- **INPUT DATA**

----

lemma
  fixes f :: "'a \<Rightarrow> real"
  assumes "integrable M f"
  shows integrable_funpow: "integrable M (\<lambda>\<omega>. f ((T ^^ n) \<omega>))"
    and integral_funpow: "(\<integral>\<omega>. f ((T ^^ n) \<omega>) \<partial>M) = integral\<^sup>L M f"
proof -
  have [measurable]: "f \<in> borel_measurable M"
    using assms by auto
  show "integrable M (\<lambda>\<omega>. f ((T ^^ n) \<omega>))"
    using assms integrable_distr_eq[OF funpow_measurable, of f] distr_funpow by simp
  show "(\<integral>\<omega>. f ((T ^^ n) \<omega>) \<partial>M) = integral\<^sup>L M f"
    using integral_distr[OF funpow_measurable, of f] distr_funpow by simp
qed

lemma AE_funpow: "AE \<omega> in M. P \<omega> \<Longrightarrow> AE \<omega> in M. P ((T ^^ n) \<omega>)"
  by (metis AE_distrD distr_funpow funpow_measurable)

lemma AE_all_funpow: "AE \<omega> in M. P \<omega> \<Longrightarrow> AE \<omega> in M. \<forall>n. P ((T ^^ n) \<omega>)"
  by (simp add: AE_all_countable AE_funpow)

lemma AE_invariant_null_set:
  assumes "AE \<omega> in M. P \<omega>"
  obtains Z where "Z \<in> null_sets M" "\<And>\<omega>. \<omega> \<in> space M - Z \<Longrightarrow> P \<omega> \<and> T \<omega> \<in> space M - Z"
proof -
  obtain N where N: "{\<omega> \<in> space M. \<not> P \<omega>} \<subseteq> N" "N \<in> null_sets M"
    using assms by (force elim: AE_E simp: null_sets_def)
  define Z where "Z = (\<Union>n. (T ^^ n) -` N \<inter> space M)"
  have "Z \<in> null_sets M"
    unfolding Z_def using N(2) by (intro null_sets_UN null_sets_funpow_vimage)
  moreover have "P \<omega> \<and> T \<omega> \<in> space M - Z" if "\<omega> \<in> space M - Z" for \<omega>
  proof -
    have orbit: "(T ^^ n) \<omega> \<notin> N" for n
      using that unfolding Z_def by blast
    have "(T ^^ n) (T \<omega>) \<notin> N" for n
      using orbit[of "Suc n"] by (simp add: funpow_Suc_right del: funpow.simps)
    then show ?thesis
      using that orbit[of 0] N(1) measurable_space[OF T_measurable] unfolding Z_def by auto
  qed
  ultimately show thesis
    using that by blast
qed

lemma AE_in_if_AE_eventually_in:
  assumes A[measurable]: "A \<in> sets M" and forward: "\<And>\<omega>. \<omega> \<in> A \<Longrightarrow> T \<omega> \<in> A"
    and eventually: "AE \<omega> in M. \<exists>m. (T ^^ m) \<omega> \<in> A"
  shows "AE \<omega> in M. \<omega> \<in> A"
proof -
  define B where "B m = (T ^^ m) -` A \<inter> space M" for m
  have B_sets: "range B \<subseteq> sets M"
    unfolding B_def by auto
  have "incseq B"
    using forward by (intro incseq_SucI) (auto simp: B_def)
  then have "(\<lambda>m. measure M (B m)) \<longlonglongrightarrow> measure M (\<Union>m. B m)"
    using B_sets by (rule finite_Lim_measure_incseq[rotated])
  moreover have "measure M (B m) = measure M A" for m
    unfolding B_def by (rule measure_funpow_vimage[OF A])
  ultimately have "measure M A = measure M (\<Union>m. B m)"
    by (simp add: LIMSEQ_const_iff)
  also have "\<dots> = 1"
    using eventually B_sets by (subst prob_eq_1) (auto simp: B_def elim!: AE_mp intro!: AE_I2)
  finally show ?thesis
    by (rule AE_prob_1)
qed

----

- **TO DO**
Return every line from the material that contains the word "Union".

- **FINISHED EXERCISE**
  define Z where "Z = (\<Union>n. (T ^^ n) -` N \<inter> space M)"
  then have "(\<lambda>m. measure M (B m)) \<longlonglongrightarrow> measure M (\<Union>m. B m)"
  ultimately have "measure M A = measure M (\<Union>m. B m)"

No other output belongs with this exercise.